На немецкое Рождество окончательно установилась зима. Выпал снег, стояли ясные солнечные дни с легким морозцем. Жизнь в лагере «Шарнхорст» шла без изменений – каждое утро люди вставали по сигналу побудки, дежурные таскали бачки с эрзац-кофе, резали хлеб -буханку на четверых, раздавали «цулагу» – иногда это был маргарин, иногда мармелад, иногда конская колбаса – каждая порция размером с половину спичечной коробки. Позавтракав и намотав на себя все, что можно, лагерники выходили на аппель-плац, где в морозном тумане тускло светились синие фонари вдоль опутанного колючей проволокой забора. До вечера здание затихало, только штубендинсты мыли полы, драили лестницы и площадки, разносили по комнатам суточные порции угля. Следить за всем этим тоже входило в Танины обязанности, но она своим правом надзора не злоупотребляла, и днем ей иногда удавалось выкроить два-три свободных часа, чтобы постирать или поштопать, а то и почитать что придется. В немецких журналах недостатка не было – почти каждый вечер кто-то из обитателей седьмой комнаты приносил какой-нибудь «Иллюстрирте», кельнский, или берлинский, или мюнхенский. Было в комнате и несколько зачитанных до дыр книг, прихваченных кем-то еще из дома, – «Боги жаждут», «Разгром», несколько старых русских романов и даже изданная в Риге приключенческая повесть некоего Солоневича, густо-антисоветская, но довольно занятно написанная. Комендант против чтения вообще не возражал; он только предупредил Таню, что, если в лагере будет обнаружена хоть одна советская книга, то ей – переводчице – определенно несдобровать. А то, что лагерники читают Золя, он далее одобрил: «Разгром», по его мнению, надолго прославил прусскую победу под Седаном.
– Содержащиеся в книге выпады против немцев следует отнести за счет шовинистических настроений автора, – разъяснил он. – Было бы странно, напиши француз иначе.
Когда Таня спросила, относится ли к числу запрещенных авторов Анатоль Франс, он поморщился.
– Вообще – безусловно, – сказал он. – Но «Боги» пусть остаются, там ярко изображены преступления якобинской революции.
– А почему вообще Франс у вас запрещен?
– Немецкому мировоззрению чужд его ядовитый скептицизм, поэтому нам Франс не нужен.

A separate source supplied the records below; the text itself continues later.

(* Let $\mathbf V$ be a variety of aperiodic monoids that does not contain the monoid $S(xyx)$. Suppose that $\mathbf V$ is not hereditarily finitely based. Then $\mathbf V$ satisfies either the identity $xyx\approx xyx^2$ or the identity $xyx\approx x^2yx$.
   Context: Monoid varieties are varieties of monoids considered as algebras with multiplication and a nullary operation for the identity element. A monoid is aperiodic if all its subgroups are trivial. A variety is hereditarily finitely based if all its subvarieties have a finite basis of identities. Let $F^1$ be the free monoid over a countably infinite alphabet; $S(xyx)$ is the Rees quotient monoid of $F^1$ over the ideal of all words that are not subwords of $xyx$. *)

theory Defs
  imports Main "HOL-Library.Sublist"
begin

text \<open>By Birkhoff's theorem, monoid varieties are
  in one-to-one (order-reversing) correspondence with equational theories,
  i.e. sets of identities closed under monoid equational deduction.  We
  represent a variety by its equational theory.\<close>

type_synonym word = "nat list"
type_synonym identity = "word \<times> word"

definition subst_word :: "(nat \<Rightarrow> word) \<Rightarrow> word \<Rightarrow> word" where
  "subst_word \<sigma> w = concat (map \<sigma> w)"

inductive_set eq_closure :: "identity set \<Rightarrow> identity set" for B where
  base: "p \<in> B \<Longrightarrow> p \<in> eq_closure B"
| refl: "(u, u) \<in> eq_closure B"
| sym: "(u, v) \<in> eq_closure B \<Longrightarrow> (v, u) \<in> eq_closure B"
| trans: "(u, v) \<in> eq_closure B \<Longrightarrow> (v, w) \<in> eq_closure B \<Longrightarrow> (u, w) \<in> eq_closure B"
| mult: "(u, v) \<in> eq_closure B \<Longrightarrow> (a @ u @ b, a @ v @ b) \<in> eq_closure B"
| subst: "(u, v) \<in> eq_closure B \<Longrightarrow> (subst_word \<sigma> u, subst_word \<sigma> v) \<in> eq_closure B"

definition eq_theory :: "identity set \<Rightarrow> bool" where
  "eq_theory T \<longleftrightarrow> eq_closure T = T"

definition satisfies :: "identity set \<Rightarrow> word \<Rightarrow> word \<Rightarrow> bool" where
  "satisfies T u v \<longleftrightarrow> (u, v) \<in> T"

definition finitely_based :: "identity set \<Rightarrow> bool" where
  "finitely_based T \<longleftrightarrow> (\<exists>B. finite B \<and> eq_closure B = T)"

text \<open>Subvarieties of the variety with theory T are the varieties whose theory
  contains T.\<close>
definition hereditarily_finitely_based :: "identity set \<Rightarrow> bool" where
  "hereditarily_finitely_based T \<longleftrightarrow>
     (\<forall>T'. eq_theory T' \<and> T \<subseteq> T' \<longrightarrow> finitely_based T')"

text \<open>A variety consists of aperiodic monoids iff it satisfies x^n = x^(n+1)
  for some n (letter x = 0).\<close>
definition aperiodic_variety :: "identity set \<Rightarrow> bool" where
  "aperiodic_variety T \<longleftrightarrow> (\<exists>n. satisfies T (replicate n 0) (replicate (Suc n) 0))"

text \<open>The monoid S(xyx) with x = 0, y = 1: elements are the subwords of xyx
  (Some w) together with the zero (None).\<close>
definition S_xyx_carrier :: "word option set" where
  "S_xyx_carrier = insert None {Some w | w. sublist w [0, 1, 0]}"

definition S_xyx_mult :: "word option \<Rightarrow> word option \<Rightarrow> word option" where
  "S_xyx_mult a b = (case (a, b) of
      (Some u, Some v) \<Rightarrow> (if sublist (u @ v) [0, 1, 0] then Some (u @ v) else None)
    | _ \<Rightarrow> None)"

fun S_xyx_eval :: "(nat \<Rightarrow> word option) \<Rightarrow> word \<Rightarrow> word option" where
  "S_xyx_eval \<phi> [] = Some []"
| "S_xyx_eval \<phi> (x # w) = S_xyx_mult (\<phi> x) (S_xyx_eval \<phi> w)"

definition S_xyx_satisfies :: "word \<Rightarrow> word \<Rightarrow> bool" where
  "S_xyx_satisfies u v \<longleftrightarrow>
     (\<forall>\<phi>. (\<forall>x. \<phi> x \<in> S_xyx_carrier) \<longrightarrow> S_xyx_eval \<phi> u = S_xyx_eval \<phi> v)"

definition contains_S_xyx :: "identity set \<Rightarrow> bool" where
  "contains_S_xyx T \<longleftrightarrow> (\<forall>(u, v) \<in> T. S_xyx_satisfies u v)"

end

theory Submission
  imports Defs
begin

text \<open>If \<open>S(xyx)\<close> is not in \<open>V\<close>, then \<open>xyx\<close> is not an isoterm for \<open>V\<close>: \<open>V\<close> satisfies
  \<open>xyx \<approx> w\<close> for some word \<open>w \<noteq> xyx\<close> in \<open>x\<close> and \<open>y\<close>.  Counting occurrences of each letter
  and using aperiodicity, this forces one of \<open>xyx \<approx> xyx\<^sup>2\<close>, \<open>xyx \<approx> x\<^sup>2yx\<close>, \<open>xyx \<approx> x\<^sup>2y\<close>,
  \<open>xyx \<approx> yx\<^sup>2\<close>.  The last two cannot hold, since each makes \<open>V\<close> hereditarily finitely based:
  modulo \<open>xyx \<approx> x\<^sup>2y\<close> and \<open>x\<^sup>p \<approx> x\<^sup>p\<^sup>+\<^sup>1\<close> every word equals the product, in order of first
  occurrence, of its letters raised to their numbers of occurrences capped at \<open>p\<close>.  Hence
  a subvariety, with \<open>p\<close> least for it, is defined by these two identities together with
  the finitely many identities \<open>x\<^sup>ay\<^sup>b \<approx> y\<^sup>bx\<^sup>a\<close>, \<open>a, b \<le> p\<close>, that it satisfies, and
  \<open>xyx \<approx> yx\<^sup>2\<close> is the mirror image of \<open>xyx \<approx> x\<^sup>2y\<close>.\<close>

definition derivable :: "identity set \<Rightarrow> word \<Rightarrow> word \<Rightarrow> bool"
    ("(_ \<turnstile>/ _ \<approx> _)" [51, 51, 51] 50)
  where "B \<turnstile> u \<approx> v \<longleftrightarrow> (u, v) \<in> eq_closure B"

lemma derivable_base: "(u, v) \<in> B \<Longrightarrow> B \<turnstile> u \<approx> v"
  unfolding derivable_def by (rule eq_closure.base)

lemma derivable_refl [simp]: "B \<turnstile> u \<approx> u"
  unfolding derivable_def by (rule eq_closure.refl)

lemma derivable_sym: "B \<turnstile> u \<approx> v \<Longrightarrow> B \<turnstile> v \<approx> u"
  unfolding derivable_def by (rule eq_closure.sym)

lemma derivable_trans [trans]: "B \<turnstile> u \<approx> v \<Longrightarrow> B \<turnstile> v \<approx> w \<Longrightarrow> B \<turnstile> u \<approx> w"
  unfolding derivable_def by (rule eq_closure.trans)
lemma chain_convergent_density_op:
  assumes CPTP: "\<And>m. CPTP d (T (u m))" and contr: "\<And>m. traceless_contraction d (T (u m)) c"
    and "0 \<le> c" "c < 1" and \<rho>: "density_op d \<rho>"
  shows "\<exists>\<sigma>. density_op d \<sigma> \<and> (\<lambda>N. schatten2 (chain T u k N \<rho> - \<sigma>)) \<longlonglongrightarrow> 0"
proof -
  define x where "x N = chain T u k N \<rho>" for N
  have x: "density_op d (x N)" for N
    unfolding x_def using chain_density_op[where T = T and u = u, OF CPTP \<rho>] .
  have "\<exists>M. \<forall>m\<ge>M. \<forall>n\<ge>M. schatten2 (x m - x n) < e" if "0 < e" for e
  proof -
    have "(\<lambda>N. c ^ Suc N * (4 * real d)) \<longlonglongrightarrow> 0"
      using \<open>0 \<le> c\<close> \<open>c < 1\<close>
      by (intro tendsto_mult_left_zero LIMSEQ_power_zero[THEN LIMSEQ_Suc]) simp
    then obtain M where "\<forall>N\<ge>M. norm (c ^ Suc N * (4 * real d) - 0) < e"
      using LIMSEQ_D \<open>0 < e\<close> by blast
    then have M: "c ^ Suc M * (4 * real d) < e"
      by (auto dest: spec[of _ M])
    have tail: "\<exists>a. density_op d a \<and> x m = chain T u k M a" if "M \<le> m" for m
      using chain_add_eq_chain_density_op[where T = T and u = u, OF CPTP \<rho>, of k M "m - M"] that
      unfolding x_def by simp
    have "schatten2 (x m - x n) < e" if "M \<le> m" "M \<le> n" for m n
      using tail[OF that(1)] tail[OF that(2)] M
        chain_diff_le[where T = T and u = u, OF CPTP contr \<open>0 \<le> c\<close>, of _ _ k M]
      by fastforce
    then show ?thesis
      by blast
  qed
  then obtain \<sigma> where \<sigma>: "\<sigma> \<in> carrier_mat d d" and lim: "(\<lambda>N. schatten2 (x N - \<sigma>)) \<longlonglongrightarrow> 0"
    using schatten2_Cauchy_imp_convergent[of x d d] density_op_carrier[OF x] by blast
  moreover have "density_op d \<sigma>"
    using density_op_limit[OF x \<sigma> lim] .
  ultimately show ?thesis
    unfolding x_def by blast
qed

– Простите, я не поняла, – сказала Таня. – Зачем запрещать то, что чуждо? Если вы перед собакой положите охапку сена, то излишне говорить ей «нельзя», потому что она и без всякого запрещения его не тронет. Другое дело, если это кусок мяса, которого она давно не ела...
– Послушай-ка, переводчица, – сказал комендант. – Я давно заметил, что язычок у тебя хорошо подвешен, но он гораздо длиннее, чем рекомендуется в наше время. Поэтому держи его за зубами, если не хочешь разделить печальную участь твоей предшественницы...

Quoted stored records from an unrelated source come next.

text \<open>For \<open>i > q - p\<close> the last column repeats column \<open>q - 1 - i\<close>.\<close>
lemma det_dp_minor_coeff_mat_eq_0:
  assumes p: "1 \<le> length rs" "length rs \<le> q" and i: "q - length rs < i" "i < q"
  shows "det (dp_minor (coeff_mat rs q) i) = 0"
proof (rule det_identical_columns[OF dp_minor_carrier])
  let ?p = "length rs"
  show "q - 1 - i \<noteq> ?p - 1" "q - 1 - i < dim_row (coeff_mat rs q)" "?p - 1 < dim_row (coeff_mat rs q)"
    using p i by auto
  show "col (dp_minor (coeff_mat rs q) i) (q - 1 - i) = col (dp_minor (coeff_mat rs q) i) (?p - 1)"
    by (rule eq_vecI) (use p i in \<open>auto simp: dp_minor_coeff_mat_index\<close>)
qed

lemma det_poly_coeff_mat_eq_combination:
  assumes p: "1 \<le> length rs" "length rs \<le> q"
    and deg: "\<And>r k. r < length rs \<Longrightarrow> q \<le> k \<Longrightarrow> coeff (rs ! r) k = 0"
  shows "det_poly (coeff_mat rs q)
    = (\<Sum>r<length rs. smult (cofactor (dp_minor (coeff_mat rs q) 0) r (length rs - 1)) (rs ! r))"
proof (rule poly_eqI)
  fix k
  let ?p = "length rs" and ?M = "coeff_mat rs q"
  let ?cof = "\<lambda>r. cofactor (dp_minor ?M 0) r (?p - 1)"
  have "coeff (det_poly ?M) k = (\<Sum>i = 0..q - ?p. if i = k then det (dp_minor ?M i) else 0)"
    unfolding det_poly_eq_sum_dp_minor by (simp add: coeff_sum coeff_monom)
  also have "\<dots> = (if k \<le> q - ?p then det (dp_minor ?M k) else 0)"
    by (simp add: sum.delta')
  also have "\<dots> = (\<Sum>r<?p. coeff (rs ! r) k * ?cof r)"
  proof (cases "k < q")
    case True
    then show ?thesis
      using det_dp_minor_coeff_mat_laplace[OF p True] det_dp_minor_coeff_mat_eq_0[OF p _ True] by auto
  qed (use deg p in auto)
  also have "\<dots> = coeff (\<Sum>r<?p. smult (?cof r) (rs ! r)) k"
    by (simp add: coeff_sum mult.commute)
  finally show "coeff (det_poly ?M) k = coeff (\<Sum>r<?p. smult (?cof r) (rs ! r)) k" .
qed

text \<open>The coefficients \<open>v\<close> form a kernel vector of the transposed top minor.\<close>
lemma singular_top_minor_imp_low_degree_combination:
  fixes rs :: "'a::field poly list"
  assumes p: "1 \<le> length rs" "length rs \<le> q"
    and deg: "\<And>r k. r < length rs \<Longrightarrow> q \<le> k \<Longrightarrow> coeff (rs ! r) k = 0"
    and sing: "det (dp_minor (coeff_mat rs q) (q - length rs)) = 0"
  obtains v where "\<exists>r<length rs. v r \<noteq> 0"
    and "\<And>k. q - length rs \<le> k \<Longrightarrow> coeff (\<Sum>r<length rs. smult (v r) (rs ! r)) k = 0"
proof -
  let ?p = "length rs"
  let ?A = "dp_minor (coeff_mat rs q) (q - ?p)"
  have A: "?A \<in> carrier_mat ?p ?p" using dp_minor_carrier[of "coeff_mat rs q"] by simp
  have "det (transpose_mat ?A) = 0" using sing det_transpose[OF A] by simp
  then obtain w where w: "w \<in> carrier_vec ?p" "w \<noteq> 0\<^sub>v ?p" "transpose_mat ?A *\<^sub>v w = 0\<^sub>v ?p"
    using det_0_iff_vec_prod_zero[of "transpose_mat ?A" ?p] A by auto
  have col: "(\<Sum>r<?p. w $ r * coeff (rs ! r) (q - 1 - c)) = 0" if c: "c < ?p" for c
  proof -
    have "?A $$ (r, c) = coeff (rs ! r) (q - 1 - c)" if "r < ?p" for r
    proof (cases "c < ?p - 1")
      case False
      then have "q - 1 - c = q - ?p" using c p by simp
      then show ?thesis using dp_minor_coeff_mat_index[of r rs c q "q - ?p"] that c p False by simp
    qed (use dp_minor_coeff_mat_index[of r rs c q "q - ?p"] that c p in simp)
    then have "(transpose_mat ?A *\<^sub>v w) $ c = (\<Sum>r<?p. w $ r * coeff (rs ! r) (q - 1 - c))"
      using c w(1) A by (auto simp: scalar_prod_def col_def lessThan_atLeast0 mult.commute intro!: sum.cong)
    then show ?thesis using w(3) c by simp
  qed
  show ?thesis
  proof
    show "\<exists>r<?p. w $ r \<noteq> 0" using w(1,2) by (auto intro!: eq_vecI)
    fix k assume k: "q - ?p \<le> k"
    show "coeff (\<Sum>r<?p. smult (w $ r) (rs ! r)) k = 0"
    proof (cases "k < q")
      case True
      then show ?thesis using col[of "q - 1 - k"] k p by (simp add: coeff_sum)
    qed (use deg in \<open>simp add: coeff_sum\<close>)
  qed
qed
lemma x_ract_y_act: "x_ract f (y_act f v) = y_act f (x_ract f v)"
proof -
  have "x_ract f (y_act f v) a b = y_act f (x_ract f v) a b" for a b
  proof -
    let ?Z = "if a = 0 \<or> b = 0 then 0 else pcompose (pcompose (v (a - 1) (b - 1)) f) f"
    let ?B = "pcompose (v a b) f" and ?C = "v (Suc a) (Suc b)" and ?X = "[:0,1:] :: complex poly"
    have y1: "y_act f v a (Suc b) = ?B + (comp_iter f (Suc a) - ?X) * ?C"
      by (simp add: y_act_def del: comp_iter.simps)
    have r1: "x_ract f v (Suc a) b = ?B + ?C * (comp_iter f (Suc b) - ?X)"
      by (simp add: x_ract_def del: comp_iter.simps)
    have y0: "(if a = 0 then 0 else pcompose (y_act f v (a - 1) b) f)
        = ?Z + (comp_iter f (Suc a) - f) * ?B"
    proof (cases a)
      case 0 then show ?thesis by simp
    next
      case (Suc n)
      then show ?thesis
        by (simp add: y_act_def pcompose_add pcompose_mult pcompose_diff pcompose_X_left
            pcompose_comp_iter_Suc del: comp_iter.simps)
    qed
    have r0: "(if b = 0 then 0 else pcompose (x_ract f v a (b - 1)) f)
        = ?Z + ?B * (comp_iter f (Suc b) - f)"
    proof (cases b)
      case 0 then show ?thesis by simp
    next
      case (Suc n)
      then show ?thesis
        by (simp add: x_ract_def pcompose_add pcompose_mult pcompose_diff pcompose_X_left
            pcompose_comp_iter_Suc del: comp_iter.simps)
    qed
    have "x_ract f (y_act f v) a b
        = (if a = 0 then 0 else pcompose (y_act f v (a - 1) b) f)
          + y_act f v a (Suc b) * (comp_iter f (Suc b) - ?X)"
      by (simp add: x_ract_def del: comp_iter.simps)
    also have "\<dots> = (?Z + (comp_iter f (Suc a) - f) * ?B)
        + (?B + (comp_iter f (Suc a) - ?X) * ?C) * (comp_iter f (Suc b) - ?X)"
      by (simp only: y0 y1)
    also have "\<dots> = (?Z + ?B * (comp_iter f (Suc b) - f))
        + (comp_iter f (Suc a) - ?X) * (?B + ?C * (comp_iter f (Suc b) - ?X))"
      by (simp only: algebra_simps)
    also have "\<dots> = (if b = 0 then 0 else pcompose (x_ract f v a (b - 1)) f)
        + (comp_iter f (Suc a) - ?X) * x_ract f v (Suc a) b"
      by (simp only: r0 r1)
    also have "\<dots> = y_act f (x_ract f v) a b" by (simp add: y_act_def del: comp_iter.simps)
    finally show ?thesis .
  qed
  then show ?thesis by (simp add: fun_eq_iff)
qed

Подошел Новый год. Вечером тридцать первого лагерники получили «праздничный паек» – дополнительный хлеб, колбасу, семейным с маленькими детьми выдали по три штучки какого-то печенья на сахарине; гемюза, привезенная в этот вечер, была вполне съедобна и даже попахивала мясом – очевидно, ее заправили бульонным экстрактом. После ужина в бывшем актовом зале, убранном еловыми ветвями и гирляндами бумажных флажков, начался небольшой концерт силами лагерной самодеятельности – в программе были украинские и русские народные песни, несколько сольных номеров на губной гармонике, фокусы, показанные бывшим иллюзионистом из какого-то периферийного цирка, подвизающимся сейчас в «шарашкиной команде».

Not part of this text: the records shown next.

theorem mainTheorem20:
  fixes \<sigma> :: "'a::{finite,field} poly fract \<Rightarrow> 'l::field"
    and \<iota> :: "'a poly fract \<Rightarrow> 'kp::field"
    and w :: "'kp \<Rightarrow> int"
    and b :: "nat \<Rightarrow> 'l" and nb d :: nat
    and E :: "'a poly \<Rightarrow> 'l twpoly"
    and P a :: "'a poly"
    and X :: "nat \<Rightarrow> nat \<Rightarrow> nat \<Rightarrow> 'kp"
  assumes "ring_hom_fun \<sigma>"
    and "is_basis \<sigma> b nb"
    and "anderson_t_module \<sigma> d E"
    and "lead_coeff P = 1" and "irreducible P"
    and "is_P_adic_completion P \<iota> w"
    and "a \<noteq> 0"
    and "in_Tate_LP w d nb X"
    and "\<exists>r<d. \<exists>n. \<exists>k<nb. X r n k \<noteq> 0"
  shows "\<exists>r<d. \<exists>n. \<exists>k<nb. ztwist CARD('a) \<sigma> \<iota> b nb d (E a) X r n k \<noteq> 0"
proof (rule ccontr)
  assume twist_0: "\<not> ?thesis"
  have hom_\<iota>: "ring_hom_fun \<iota>" using assms(6) unfolding is_P_adic_completion_def by blast
  define n0 where "n0 = (LEAST n. \<exists>r<d. \<exists>k<nb. X r n k \<noteq> 0)"
  have "\<exists>n. \<exists>r<d. \<exists>k<nb. X r n k \<noteq> 0" using assms(9) by blast
  then have lowest: "\<exists>r<d. \<exists>k<nb. X r n0 k \<noteq> 0"
    unfolding n0_def by (rule LeastI_ex)
  have below: "X m n j = 0" if "n < n0" and "m < d" and "j < nb" for n m j
    using not_less_Least[OF that(1)[unfolded n0_def]] that(2,3) by blast
  have kernel: "mat_act \<sigma> \<iota> b nb d (E a 0) (\<lambda>m j. X m n0 j) r k = 0" if "r < d" and "k < nb" for r k
  proof -
    have "mat_act \<sigma> \<iota> b nb d (E a 0) (\<lambda>m j. X m n0 j) r k = ztwist CARD('a) \<sigma> \<iota> b nb d (E a) X r n0 k"
      by (rule ztwist_lowest_coeff[symmetric]) (simp_all add: below)
    also have "\<dots> = 0" using twist_0 that by blast
    finally show ?thesis .
  qed
  have nilpotent: "mat_pow d (\<lambda>r c. E a 0 r c - (if r = c \<and> r < d then \<sigma> (embA a) else 0)) d
      = (\<lambda>_ _. 0)"
    using assms(3) unfolding anderson_t_module_def by blast
  have "embA a \<noteq> 0" using assms(7) by (simp add: embA_eq_0_iff)
  with lowest show False
    using scalar_plus_nilpotent_kernel_eq_0[OF assms(1,2) hom_\<iota> nilpotent _ kernel] by blast
qed

end
lemma kalg_iso_prod_graft:
  fixes t :: "'o::wellorder + nat"
  assumes branch_inB: "\<And>f::('o + nat) list \<Rightarrow> 'k::field. inB \<alpha> f \<Longrightarrow> inB \<delta> (branch t f)"
    and graft_inB: "\<And>f x::('o + nat) list \<Rightarrow> 'k. inB \<alpha> f \<Longrightarrow> inB \<delta> x \<Longrightarrow> inB \<alpha> (graft t f x)"
    and branch_unitB: "branch t (unitB \<alpha>) = (unitB \<delta> :: _ \<Rightarrow> 'k)"
    and iso: "kalg_iso_prod (Balg \<delta> :: (('o + nat) list \<Rightarrow> 'k) ring) (Balg \<gamma>) (Balg \<delta>)"
  shows "kalg_iso_prod (Balg \<alpha> :: (('o + nat) list \<Rightarrow> 'k) ring) (Balg \<gamma>) (Balg \<alpha>)"
proof -
  obtain \<phi> \<psi> where "kalg_prod_iso (Balg \<delta> :: (('o + nat) list \<Rightarrow> 'k) ring) (Balg \<gamma>) (Balg \<delta>) \<phi> \<psi>"
    using iso unfolding kalg_iso_prod_iff by blast
  then interpret \<delta>: kalg_prod_iso "Balg \<delta>" "Balg \<gamma>" "Balg \<delta>" \<phi> \<psi> .
  have \<phi>_inB: "inB \<gamma> (fst (\<phi> x))" "inB \<delta> (snd (\<phi> x))" if "inB \<delta> x" for x
    using \<delta>.\<phi>_carrier[of x] that by (auto simp: Balg_simps)
  have \<psi>_inB: "inB \<delta> (\<psi> (b, x))" if "inB \<gamma> b" "inB \<delta> x" for b x
    using \<delta>.\<psi>_carrier[of "(b, x)"] that by (auto simp: Balg_simps)
  note \<delta>_simps = \<delta>.\<phi>_\<psi> \<delta>.\<psi>_\<phi> \<delta>.\<phi>_mult[unfolded Balg_simps] \<delta>.\<phi>_add[unfolded Balg_simps]
    \<delta>.\<phi>_one[unfolded Balg_simps] \<delta>.\<phi>_smult[unfolded smultB_def]
  have graft_unitB: "graft t (unitB \<alpha>) (unitB \<delta>) = (unitB \<alpha> :: _ \<Rightarrow> 'k)"
    by (metis branch_unitB graft_branch)
  have "kalg_prod_iso (Balg \<alpha>) (Balg \<gamma>) (Balg \<alpha>)
      (\<lambda>f. (fst (\<phi> (branch t f)), graft t f (snd (\<phi> (branch t f)))))
      (\<lambda>(b, g). graft t g (\<psi> (b, branch t g)))"
    by unfold_locales
      (auto simp: Balg_simps \<delta>_simps \<phi>_inB \<psi>_inB branch_inB graft_inB branch_unitB graft_unitB smultB_def)
  then show ?thesis
    unfolding kalg_iso_prod_iff by blast
qed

Комендант, против обыкновения принаряженный, в черном костюме с партийным значком на лацкане, сидел в первом ряду рядом с Таней, после каждого номера аплодировал и удовлетворенно говорил: «Schon, schon». Когда концерт окончился, он поднялся на эстраду, поздравил лагерников с наступающим Новым годом и пожелал всем мира и победы. Чья победа имелась в виду, Фишер не уточнил.
– Зайди потом в канцелярию, – сказал он Тане, когда люди стали расходиться по комнатам.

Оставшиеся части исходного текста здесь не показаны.